▶ **Recorded data**:
lemma ambiguous_edge_width:
  assumes "E \<subseteq> {0..<n} \<times> {0..<n}" "0 \<le> t"
    and x: "ambiguous_edge E t e (y(e := x))" and x': "ambiguous_edge E t e (y(e := x'))"
  shows "x' - x \<le> t * real n"
proof (cases "x' \<le> x")
  case False
  obtain C1 C2 where C1: "C1 \<in> dcycles E" "e \<in> C1" and C2: "C2 \<in> dcycles E" "e \<notin> C2"
    and near: "mean_weight (y(e := x)) C2 \<le> mean_weight (y(e := x)) C1 + t"
    and min: "\<forall>C\<in>dcycles E. mean_weight (y(e := x)) C1 \<le> mean_weight (y(e := x)) C"
    using x unfolding ambiguous_edge_def by blast
  obtain D where D: "D \<in> dcycles E" "e \<in> D"
    and min': "\<forall>C\<in>dcycles E. mean_weight (y(e := x')) D \<le> mean_weight (y(e := x')) C"
    using x' unfolding ambiguous_edge_def by blast
  have D_card: "0 < card D" "card D \<le> n"
    using D(1) dcycle_card_pos dcycle_card_le[OF _ assms(1)] unfolding dcycles_def by auto
  have "mean_weight (y(e := x')) D \<le> mean_weight (y(e := x')) C2" using min' C2 by blast
  also have "\<dots> = mean_weight (y(e := x)) C2" by (rule mean_weight_cong) (use C2(2) in auto)
  also have "\<dots> \<le> mean_weight (y(e := x)) C1 + t" by (rule near)
  also have "\<dots> \<le> mean_weight (y(e := x)) D + t" using min D by simp
  finally have "(x' - x) / real (card D) \<le> t"
    using mean_weight_fun_upd_diff[of D e y x' x] D(2) D_card by (simp add: card_gt_0_iff)
  then have "x' - x \<le> t * real (card D)"
    using D_card by (simp add: divide_le_eq)
  also have "\<dots> \<le> t * real n"
    using D_card \<open>0 \<le> t\<close> by (intro mult_left_mono) auto
  finally show ?thesis .
next
  case True
  moreover have "0 \<le> t * real n" using assms(2) by simp
  ultimately show ?thesis by linarith
qed

lemma not_robust_imp_ambiguous_edge:
  assumes "finite E" "dcycles E \<noteq> {}"
    and not_robust: "\<not> (\<exists>C. ball_inf E w d \<subseteq> unique_min_region E C)"
  shows "\<exists>e\<in>E. ambiguous_edge E (2 * d) e w"
proof -
  have fin: "finite (mean_weight w ` dcycles E)"
    using finite_dcycles[OF assms(1)] by simp
  have "Min (mean_weight w ` dcycles E) \<in> mean_weight w ` dcycles E"
    using Min_in[OF fin] assms(2) by simp
  then obtain C1 where C1: "C1 \<in> dcycles E" "mean_weight w C1 = Min (mean_weight w ` dcycles E)"
    by (metis imageE)
  then have min: "\<forall>C\<in>dcycles E. mean_weight w C1 \<le> mean_weight w C"
    using fin by simp
  obtain r' where r': "r' \<in> ball_inf E w d" "r' \<notin> unique_min_region E C1"
    using not_robust by blast
  then obtain C2 where C2: "C2 \<in> dcycles E" "C2 \<noteq> C1" "mean_weight r' C2 \<le> mean_weight r' C1"
    using C1(1) unfolding unique_min_region_def dcycles_def by force
  have "\<bar>mean_weight r' C - mean_weight w C\<bar> \<le> d" if "C \<in> dcycles E" for C
    using that r'(1) dcycle_card_pos dcycle_subset unfolding dcycles_def
    by (intro mean_weight_diff_le_ball_inf) auto
  from this[OF C1(1)] this[OF C2(1)] C2(3)
  have near: "mean_weight w C2 \<le> mean_weight w C1 + 2 * d" by linarith
  have "\<not> C1 \<subseteq> C2"
    using dcycle_subset_imp_eq C1(1) C2 unfolding dcycles_def by blast
  then obtain e where "e \<in> C1" "e \<notin> C2" by blast
  moreover have "e \<in> E" using \<open>e \<in> C1\<close> C1(1) dcycle_subset unfolding dcycles_def by blast
  ultimately show ?thesis
    unfolding ambiguous_edge_def using C1(1) C2(1) min near by blast
qed

lemma (in prob_space) ambiguous_edge_event:
  fixes X :: "nat \<times> nat \<Rightarrow> 'a \<Rightarrow> real"
  assumes "indep_vars (\<lambda>_. borel) X E" "e \<in> E"
    and "distributed M lborel (X e) g" "\<And>y. g y \<le> ennreal \<phi>" "0 \<le> \<phi>"
    and grid: "E \<subseteq> {0..<n} \<times> {0..<n}" and "0 \<le> t"
  shows "{\<omega> \<in> space M. ambiguous_edge E t e (\<lambda>i. X i \<omega>)} \<in> events"
    and "emeasure M {\<omega> \<in> space M. ambiguous_edge E t e (\<lambda>i. X i \<omega>)} \<le> ennreal (\<phi> * (t * real n))"
proof -
  have "finite E" using grid by (rule finite_subset) auto
  let ?Q = "\<lambda>y x. ambiguous_edge E t e (y(e := x))"
  have Qm: "Measurable.pred (PiM (E - {e}) (\<lambda>_. borel) \<Otimes>\<^sub>M borel) (\<lambda>p. ?Q (fst p) (snd p))"
    unfolding ambiguous_edge_def mean_weight_def using finite_dcycles[OF \<open>finite E\<close>] by measurable
  have width: "\<And>y x x'. ?Q y x \<Longrightarrow> ?Q y x' \<Longrightarrow> x' - x \<le> t * real n"
    using ambiguous_edge_width[OF grid \<open>0 \<le> t\<close>] by blast
  have "0 \<le> t * real n" using \<open>0 \<le> t\<close> by simp
  note narrow = narrow_section_event[where Q = ?Q, OF assms(1-5) this Qm width]
  have "{\<omega> \<in> space M. ambiguous_edge E t e (\<lambda>i. X i \<omega>)}
      = {\<omega> \<in> space M. ?Q (restrict (\<lambda>i. X i \<omega>) (E - {e})) (X e \<omega>)}"
    using \<open>e \<in> E\<close> by (intro Collect_cong conj_cong refl ambiguous_edge_cong) auto
  with narrow
  show "{\<omega> \<in> space M. ambiguous_edge E t e (\<lambda>i. X i \<omega>)} \<in> events"
    and "emeasure M {\<omega> \<in> space M. ambiguous_edge E t e (\<lambda>i. X i \<omega>)} \<le> ennreal (\<phi> * (t * real n))"
    by (simp_all only:)
qed

lemma (in prob_space) robust_event_in_events:
  assumes "finite E" "0 \<le> d" "\<And>e. e \<in> E \<Longrightarrow> random_variable borel (X e)"
  shows "{\<omega> \<in> space M. \<exists>C. ball_inf E (\<lambda>e. X e \<omega>) d \<subseteq> unique_min_region E C} \<in> events"
proof -
  have "(\<lambda>\<omega>. \<Sum>e\<in>E. mean_diff_coeff C1 C2 e * X e \<omega>) \<in> borel_measurable M" for C1 C2
    using assms(3) by measurable
  then have "{\<omega> \<in> space M. \<exists>C1\<in>dcycles E. \<forall>C2\<in>dcycles E. C2 \<noteq> C1 \<longrightarrow>
       d * (\<Sum>e\<in>E. \<bar>mean_diff_coeff C1 C2 e\<bar>) < (\<Sum>e\<in>E. mean_diff_coeff C1 C2 e * X e \<omega>)} \<in> events"
    using finite_dcycles[OF assms(1)] by measurable
  moreover have "{\<omega> \<in> space M. \<exists>C. ball_inf E (\<lambda>e. X e \<omega>) d \<subseteq> unique_min_region E C}
      = {\<omega> \<in> space M. \<exists>C1\<in>dcycles E. \<forall>C2\<in>dcycles E. C2 \<noteq> C1 \<longrightarrow>
       d * (\<Sum>e\<in>E. \<bar>mean_diff_coeff C1 C2 e\<bar>) < (\<Sum>e\<in>E. mean_diff_coeff C1 C2 e * X e \<omega>)}"
    by (auto simp: ball_inf_subset_unique_min_region_iff[OF assms(1,2)] dcycles_def)
  ultimately show ?thesis by simp
qed

theorem mainTheorem6:
  fixes n :: nat and E :: "(nat \<times> nat) set" and M :: "'w measure"
    and X :: "nat \<times> nat \<Rightarrow> 'w \<Rightarrow> real" and f :: "nat \<times> nat \<Rightarrow> real \<Rightarrow> ennreal"
    and \<phi> :: real
  assumes "n \<ge> 1"
    and "E \<subseteq> {0..<n} \<times> {0..<n}"
    and "\<forall>i\<in>{0..<n}. \<exists>j. (i, j) \<in> E"
    and "\<forall>i\<in>{0..<n}. \<forall>j\<in>{0..<n}. (i, j) \<in> E\<^sup>*"
    and "prob_space M"
    and "prob_space.indep_vars M (\<lambda>_. borel) X E"
    and "\<forall>e\<in>E. distributed M lborel (X e) (f e)"
    and "\<phi> > 0"
    and "\<forall>e\<in>E. \<forall>y. f e y \<le> ennreal \<phi>"
  shows "measure M {\<omega> \<in> space M. \<exists>C. ball_inf E (\<lambda>e. X e \<omega>)
            (1 / (3 * real n ^ 2 * real (card E) * \<phi>)) \<subseteq> unique_min_region E C}
         \<ge> 1 - 1 / real n"
proof -
  interpret prob_space M by fact
  define d where "d = 1 / (3 * real n ^ 2 * real (card E) * \<phi>)"
  define A where "A e = {\<omega> \<in> space M. ambiguous_edge E (2 * d) e (\<lambda>i. X i \<omega>)}" for e
  define G where "G = {\<omega> \<in> space M. \<exists>C. ball_inf E (\<lambda>e. X e \<omega>) d \<subseteq> unique_min_region E C}"
  have "finite E" using assms(2) by (rule finite_subset) auto
  have "dcycles E \<noteq> {}" using dcycles_nonempty assms(1-3) by blast
  then have "E \<noteq> {}" using dcycle_subset dcycle_card_pos unfolding dcycles_def by fastforce
  then have "0 < d" using \<open>finite E\<close> assms(1,8) by (simp add: d_def card_gt_0_iff)
  have A: "A e \<in> events" "prob (A e) \<le> \<phi> * (2 * d * real n)" if "e \<in> E" for e
    using ambiguous_edge_event[OF assms(6) that _ _ _ assms(2), of "f e" \<phi> "2 * d"] assms(7-9) that \<open>0 < d\<close>
    by (auto simp: A_def measure_def enn2real_leI)
  have "space M - G \<subseteq> (\<Union>e\<in>E. A e)"
  proof
    fix \<omega> assume \<omega>: "\<omega> \<in> space M - G"
    then have "\<not> (\<exists>C. ball_inf E (\<lambda>e. X e \<omega>) d \<subseteq> unique_min_region E C)"
      unfolding G_def by blast
    from not_robust_imp_ambiguous_edge[OF \<open>finite E\<close> \<open>dcycles E \<noteq> {}\<close> this]
    show "\<omega> \<in> (\<Union>e\<in>E. A e)" using \<omega> unfolding A_def by blast
  qed
  then have "prob (space M - G) \<le> prob (\<Union>e\<in>E. A e)"
    using A \<open>finite E\<close> by (intro finite_measure_mono) auto
  also have "\<dots> \<le> (\<Sum>e\<in>E. prob (A e))"
    using A by (intro finite_measure_subadditive_finite[OF \<open>finite E\<close>]) auto
  also have "\<dots> \<le> real (card E) * (\<phi> * (2 * d * real n))"
    using A(2) by (rule sum_bounded_above)
  also have "\<dots> \<le> 1 / real n"
    using assms(1,8) \<open>E \<noteq> {}\<close> \<open>finite E\<close> by (simp add: d_def field_simps power2_eq_square card_gt_0_iff)
  finally have "prob (space M - G) \<le> 1 / real n" .
  moreover have "G \<in> events"
    unfolding G_def using robust_event_in_events \<open>finite E\<close> \<open>0 < d\<close> assms(7)
    by (auto simp: distributed_def)
  ultimately show ?thesis
    using prob_compl[of G] unfolding G_def d_def by simp
qed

▶ **Work order**: Set down precisely the lines above between the line holding "obtain C1 C2" and the line holding "by (rule near)", inclusive, and nothing beyond them.

▶ **Output for this task**:
  obtain C1 C2 where C1: "C1 \<in> dcycles E" "e \<in> C1" and C2: "C2 \<in> dcycles E" "e \<notin> C2"
    and near: "mean_weight (y(e := x)) C2 \<le> mean_weight (y(e := x)) C1 + t"
    and min: "\<forall>C\<in>dcycles E. mean_weight (y(e := x)) C1 \<le> mean_weight (y(e := x)) C"
    using x unfolding ambiguous_edge_def by blast
  obtain D where D: "D \<in> dcycles E" "e \<in> D"
    and min': "\<forall>C\<in>dcycles E. mean_weight (y(e := x')) D \<le> mean_weight (y(e := x')) C"
    using x' unfolding ambiguous_edge_def by blast
  have D_card: "0 < card D" "card D \<le> n"
    using D(1) dcycle_card_pos dcycle_card_le[OF _ assms(1)] unfolding dcycles_def by auto
  have "mean_weight (y(e := x')) D \<le> mean_weight (y(e := x')) C2" using min' C2 by blast
  also have "\<dots> = mean_weight (y(e := x)) C2" by (rule mean_weight_cong) (use C2(2) in auto)
  also have "\<dots> \<le> mean_weight (y(e := x)) C1 + t" by (rule near)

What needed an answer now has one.